## What the exercise asks:
Look through the material below and report every line that includes "shows".

## Input material:
lemma mcp_eq_on_dense:
  assumes "dense X" "mcp (UNIV :: 'a::order set) Z G1" "mcp UNIV Z G2" "\<forall>x\<in>X. G1 x = G2 x"
  shows "G1 y = G2 y"
proof -
  have "dsup_closed {y. G1 y = G2 y}" unfolding dsup_closed_def
  proof (intro allI impI, elim conjE)
    fix D s assume "directed_in UNIV D" "D \<subseteq> {y. G1 y = G2 y}" "is_sup_in UNIV D s"
    then have "is_sup_in Z (G1 ` D) (G1 s)" "is_sup_in Z (G2 ` D) (G2 s)" "G1 ` D = G2 ` D"
      using assms(2,3) unfolding mcp_def by (auto intro!: image_cong)
    then show "s \<in> {y. G1 y = G2 y}" using is_sup_in_unique by fastforce
  qed
  with assms(1,4) show ?thesis using dense_induct[of X "{y. G1 y = G2 y}"] by blast
qed

lemma is_tip_sup:
  assumes "directed_in UNIV E" "is_sup_in UNIV E y"
  shows "is_tip E y"
proof -
  have "dsup_closed {x. x \<le> y}" unfolding dsup_closed_def is_sup_in_def by auto
  moreover have "E \<subseteq> {x. x \<le> y}" using assms(2) unfolding is_sup_in_def by auto
  ultimately have "dclosure E \<subseteq> {x. x \<le> y}" by (rule dclosure_least)
  moreover have "y \<in> dclosure E" unfolding dclosure_def dsup_closed_def using assms by blast
  ultimately show ?thesis unfolding is_tip_def by auto
qed

lemma truncates_imp_directly_truncates: "truncates a \<Longrightarrow> directly_truncates a"
  unfolding truncates_def directly_truncates_def using is_tip_sup by blast

locale dense_extension =
  fixes X :: "'a::order set" and Z :: "'z::order set" and T :: "'a \<Rightarrow> 'z"
  assumes lower: "lower_set X" and dense: "dense X"
    and directly_truncating: "\<forall>a\<in>X. directly_truncates a"
    and dcpo: "dcpo_on Z" and mcp: "mcp X Z T"
begin

abbreviation below :: "'a \<Rightarrow> 'z set" where
  "below y \<equiv> T ` (X \<inter> {x. x \<le> y})"

definition has_ext :: "'a \<Rightarrow> bool" where
  "has_ext y \<longleftrightarrow> (\<exists>s. is_sup_in Z (below y) s)"

definition ext :: "'a \<Rightarrow> 'z" where
  "ext y = (SOME s. is_sup_in Z (below y) s)"

lemma ext_is_sup: "has_ext y \<Longrightarrow> is_sup_in Z (below y) (ext y)"
  unfolding has_ext_def ext_def by (rule someI_ex)

lemma lower_setD: "x \<in> X \<Longrightarrow> z \<le> x \<Longrightarrow> z \<in> X"
  using lower unfolding lower_set_def by blast

lemma is_sup_below: "x \<in> X \<Longrightarrow> is_sup_in Z (below x) (T x)"
  using mcp mcp_mono[OF mcp] unfolding is_sup_in_def mcp_def by auto

lemma ext_mono:
  assumes "has_ext e" "has_ext u" "e \<le> u"
  shows "ext e \<le> ext u"
proof -
  have "ext u \<in> Z" "\<forall>d\<in>below e. d \<le> ext u"
    using ext_is_sup[OF assms(2)] assms(3) unfolding is_sup_in_def by (auto intro: order_trans)
  then show ?thesis using ext_is_sup[OF assms(1)] unfolding is_sup_in_def by blast
qed

lemma T_le_bound:
  assumes E: "directed_in UNIV E" "is_sup_in UNIV E y" "\<forall>e\<in>E. has_ext e"
    and M: "M \<in> Z" "\<forall>e\<in>E. ext e \<le> M"
    and x: "x \<in> X" "x \<le> y"
  shows "T x \<le> M"
proof -
  define S where "S = {z. z \<le> x \<and> T z \<le> M}"
  have "lower_set S" unfolding lower_set_def S_def
  proof (intro allI impI, clarify)
    fix z w assume "z \<le> x" "T z \<le> M" "w \<le> z"
    then show "w \<le> x \<and> T w \<le> M"
      using mcp_mono[OF mcp, of w z] lower_setD[OF x(1)] by (meson order_trans)
  qed
  moreover have "dsup_closed S" unfolding dsup_closed_def
  proof (intro allI impI, elim conjE)
    fix D s assume D: "directed_in UNIV D" "D \<subseteq> S" "is_sup_in UNIV D s"
    then have "s \<le> x" unfolding is_sup_in_def S_def by auto
    have "D \<subseteq> X" using D(2) lower_setD[OF x(1)] unfolding S_def by auto
    then have "directed_in X D" "is_sup_in X D s"
      using D lower_setD[OF x(1) \<open>s \<le> x\<close>] unfolding directed_in_def is_sup_in_def by auto
    then have "is_sup_in Z (T ` D) (T s)" using mcp unfolding mcp_def by blast
    then have "T s \<le> M" using D(2) M(1) unfolding is_sup_in_def S_def by auto
    then show "s \<in> S" using \<open>s \<le> x\<close> unfolding S_def by auto
  qed
  moreover have "down E \<inter> down {x} \<subseteq> S"
  proof
    fix z assume "z \<in> down E \<inter> down {x}"
    then obtain e where e: "e \<in> E" "z \<le> e" "z \<le> x" unfolding down_def by auto
    then have "T z \<le> ext e"
      using ext_is_sup[of e] E(3) lower_setD[OF x(1)] unfolding is_sup_in_def by auto
    also have "ext e \<le> M" using M e by auto
    finally show "z \<in> S" using e unfolding S_def by auto
  qed
  ultimately have "lclosure (down E \<inter> down {x}) \<subseteq> S" by (rule lclosure_least)
  moreover have "x \<in> lclosure (down E \<inter> down {x})"
    using directly_truncating x E unfolding directly_truncates_def by blast
  ultimately show ?thesis unfolding S_def by auto
qed

lemma is_sup_ext_directed:
  assumes E: "directed_in UNIV E" "is_sup_in UNIV E y" "\<forall>e\<in>E. has_ext e"
  shows "\<exists>M. is_sup_in Z (ext ` E) M \<and> is_sup_in Z (below y) M"
proof -
  have "mono_on E ext" using E(3) ext_mono by (auto intro: mono_onI)
  moreover have "ext ` E \<subseteq> Z" using ext_is_sup E(3) unfolding is_sup_in_def by auto
  ultimately have "directed_in Z (ext ` E)" by (rule directed_in_image[OF E(1)])
  then obtain M where M: "is_sup_in Z (ext ` E) M" using dcpo unfolding dcpo_on_def by blast
  have "M \<le> u" if u: "u \<in> Z" "\<forall>d\<in>below y. d \<le> u" for u
  proof -
    have "ext e \<le> u" if "e \<in> E" for e
    proof -
      have "e \<le> y" using E(2) that unfolding is_sup_in_def by auto
      then show ?thesis using ext_is_sup[of e] E(3) that u unfolding is_sup_in_def
        by (auto intro: order_trans)
    qed
    then show ?thesis using M u(1) unfolding is_sup_in_def by blast
  qed
  moreover have "M \<in> Z" "\<forall>e\<in>E. ext e \<le> M" using M unfolding is_sup_in_def by auto
  ultimately have "is_sup_in Z (below y) M"
    using T_le_bound[OF E] unfolding is_sup_in_def by blast
  with M show ?thesis by blast
qed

## Problem solution:
  shows "G1 y = G2 y"
  shows "is_tip E y"
  shows "ext e \<le> ext u"
  shows "T x \<le> M"
  shows "\<exists>M. is_sup_in Z (ext ` E) M \<and> is_sup_in Z (below y) M"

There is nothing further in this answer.